Tuesday, February 28, 2006

Laws of Succession and History

I'm a big fan of Jared Diamond's Guns, Germs, and Steel but my main criticism is that it only explains why Eurasians had more developed societies than others until about 1100. It does not explain why the first country to industrialize was not, say, Italy or China, but rather England. Moreover, it does not explain why Western Europe surged ahead of the Islamic world or East Asia over the past five hundred years and why Western Europeans at the dawn of World War I controlled or ruled over a majority of the Earth's surface.

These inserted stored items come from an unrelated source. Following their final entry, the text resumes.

(* There is an algorithm and a universal constant $C>0$ such that, given any positive integer $T$, $x \in \{0,1\}^T$ and $p \in [0,1]^T$, the algorithm runs in time polynomial in $T$ and outputs a number $v$ with $|v - \mathsf{CalDist}(x,p)| \le C\sqrt{T}$.
   Context: For $x \in \{0,1\}^T$, let $\mathcal{C}(x) = \{q \in [0,1]^T : \sum_{t=1}^T (x_t - q_t)\mathbf{1}[q_t = \alpha] = 0 \text{ for all } \alpha \in [0,1]\}$. The calibration distance of predictions $p \in [0,1]^T$ with respect to outcomes $x$ is $\mathsf{CalDist}(x,p) = \min_{q \in \mathcal{C}(x)} \|p - q\|_1$. *)

theory Defs
  imports Complex_Main
begin

text \<open>Vectors in [0,1]^T / {0,1}^T are functions nat => real, only the
coordinates 0..T-1 are relevant (0-indexed).\<close>

definition calib_set :: "nat \<Rightarrow> (nat \<Rightarrow> real) \<Rightarrow> (nat \<Rightarrow> real) set" where
  "calib_set T x = {q. (\<forall>t<T. 0 \<le> q t \<and> q t \<le> 1) \<and>
      (\<forall>\<alpha>::real. 0 \<le> \<alpha> \<and> \<alpha> \<le> 1 \<longrightarrow>
         (\<Sum>t<T. (x t - q t) * (if q t = \<alpha> then 1 else 0)) = 0)}"

definition CalDist :: "nat \<Rightarrow> (nat \<Rightarrow> real) \<Rightarrow> (nat \<Rightarrow> real) \<Rightarrow> real" where
  "CalDist T x p = Inf {(\<Sum>t<T. \<bar>p t - q t\<bar>) | q. q \<in> calib_set T x}"

text \<open>No real constants other than those obtained
from naturals, no floor.\<close>

type_synonym state = "(nat \<Rightarrow> nat) \<times> (nat \<Rightarrow> real)"

datatype nexp = NConst nat | NLoad nexp | NAdd nexp nexp | NSub nexp nexp

datatype rexp = RLoad nexp | RNat nexp | RAdd rexp rexp | RSub rexp rexp
  | RMul rexp rexp | RDiv rexp rexp

datatype bexp = NLess nexp nexp | RLess rexp rexp | BNot bexp | BAnd bexp bexp

datatype com = Skip
  | NStore nexp nexp
  | RStore nexp rexp
  | Seq com com
  | If bexp com com
  | While bexp com

fun neval :: "nexp \<Rightarrow> state \<Rightarrow> nat" where
  "neval (NConst n) s = n"
| "neval (NLoad a) s = fst s (neval a s)"
| "neval (NAdd a b) s = neval a s + neval b s"
| "neval (NSub a b) s = neval a s - neval b s"

fun reval :: "rexp \<Rightarrow> state \<Rightarrow> real" where
  "reval (RLoad a) s = snd s (neval a s)"
| "reval (RNat a) s = real (neval a s)"
| "reval (RAdd a b) s = reval a s + reval b s"
| "reval (RSub a b) s = reval a s - reval b s"
| "reval (RMul a b) s = reval a s * reval b s"
| "reval (RDiv a b) s = reval a s / reval b s"

fun beval :: "bexp \<Rightarrow> state \<Rightarrow> bool" where
  "beval (NLess a b) s = (neval a s < neval b s)"
| "beval (RLess a b) s = (reval a s < reval b s)"
| "beval (BNot b) s = (\<not> beval b s)"
| "beval (BAnd a b) s = (beval a s \<and> beval b s)"

text \<open>Big-step semantics: exec c s n s' means c started in s terminates in s'
after n time steps.\<close>

inductive exec :: "com \<Rightarrow> state \<Rightarrow> nat \<Rightarrow> state \<Rightarrow> bool" where
  "exec Skip s 1 s"
| "exec (NStore a e) s 1 ((fst s)(neval a s := neval e s), snd s)"
| "exec (RStore a e) s 1 (fst s, (snd s)(neval a s := reval e s))"
| "exec c1 s n1 s1 \<Longrightarrow> exec c2 s1 n2 s2 \<Longrightarrow> exec (Seq c1 c2) s (n1 + n2) s2"
| "beval b s \<Longrightarrow> exec c1 s n s' \<Longrightarrow> exec (If b c1 c2) s (Suc n) s'"
| "\<not> beval b s \<Longrightarrow> exec c2 s n s' \<Longrightarrow> exec (If b c1 c2) s (Suc n) s'"
| "\<not> beval b s \<Longrightarrow> exec (While b c) s 1 s"
| "beval b s \<Longrightarrow> exec c s n1 s1 \<Longrightarrow> exec (While b c) s1 n2 s2 \<Longrightarrow>
     exec (While b c) s (Suc (n1 + n2)) s2"

text \<open>Input encoding: nat register 0 holds T; real register 1+t holds x_t and
real register 1+T+t holds p_t (t < T); everything else is 0.
The output is read from real register 0.\<close>

definition init_state :: "nat \<Rightarrow> (nat \<Rightarrow> real) \<Rightarrow> (nat \<Rightarrow> real) \<Rightarrow> state" where
  "init_state T x p =
     ((\<lambda>i. if i = 0 then T else 0),
      (\<lambda>i. if 1 \<le> i \<and> i \<le> T then x (i - 1)
           else if T + 1 \<le> i \<and> i \<le> 2 * T then p (i - T - 1) else 0))"

end

theory Submission
  imports Defs "HOL-Combinatorics.Permutations"
begin

text \<open>The calibration distance can be computed exactly. Rank the rounds with outcome 0, and separately
  those with outcome 1, by increasing forecast. Within one outcome class, moving the smaller of two
  predictions onto the smaller forecast never increases the L1 cost and does not affect
  calibration, which depends only on how many zeros and ones carry each predicted value. So some
  optimal calibrated prediction is monotone in rank within each class; its level sets are then
  blocks of consecutive ranks in both classes, and on each block it must equal the block's frequency
  of ones. The distance is therefore the cheapest cut of the two ranked sequences into consecutive
  blocks, found by a dynamic program over the \<open>O(T\<^sup>2)\<close> pairs of prefix lengths, with \<open>O(T\<^sup>2)\<close>
  transitions per pair and \<open>O(T)\<close> work per transition: \<open>O(T\<^sup>5)\<close> steps of a unit-cost real RAM.\<close>

section \<open>Ranks and monotone rearrangements\<close>

locale strict_total_order =
  fixes less :: "'a \<Rightarrow> 'a \<Rightarrow> bool" (infix \<open>\<prec>\<close> 50)
  assumes irrefl: "\<not> s \<prec> s"
    and trans: "s \<prec> t \<Longrightarrow> t \<prec> u \<Longrightarrow> s \<prec> u"
    and total: "s \<noteq> t \<Longrightarrow> s \<prec> t \<or> t \<prec> s"
begin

I don't know the answer to these questions and don't know if there will ever be an answer that is completely convincing. However, there is one pattern in history that is usually overlooked. In Western Europe, monarchies had simple laws of succession (here is a Wikipedia entry explaining how monarchs are selected in different countries, most of them European) that mandated that the first-born son of the king take over when the king dies. By contrast, the Mongol Empire and kingdoms in the Islamic world had no such rules of succession. The result was that when the King or Emperor died, typically there was a bloody struggle for succession that sometimes degenerated into all-out civil war. Thus, the Mughal Empire disintegrated in 1707 upon the death of Aurangezeb after 181 years in existence and existed afterwards only as a shadow of its former self. In the case of the Mongols, the problem of not having a fixed rule of succession is clearest in 1241 as the Mongols advanced on Western Europe. When the Mongol commanders heard that Ogedei Khan (Ghenghis Khan's third son) died, they abandoned their advance and returned to the Mongol capital to elect a new Khan.

What is the point of all of this? If you don't have a clear rule of succession in place, there is more likely to be chaos when there is a transfer of power to a new person. From an economic standpoint, this should decrease a person's willingness to invest in the future because the future is so uncertain. And from a political perspective, the lack of a law of succession will increase in-fighting within the government as royal officials begin to form rival factions supporting different candidates for king or emporer. It will also, as happened to both the Mughals and Mongols, lead to a militarily weak and fractured state which will become vulnerable to foreign invasion.

This is not to say the transition to a new king was always smooth in Western Europe. However, I believe the transfer of power tended to be less chaotic and uncertain than in Central Asia or the Middle East and this may help explain the very different historical paths these regions have taken over the past 900 years.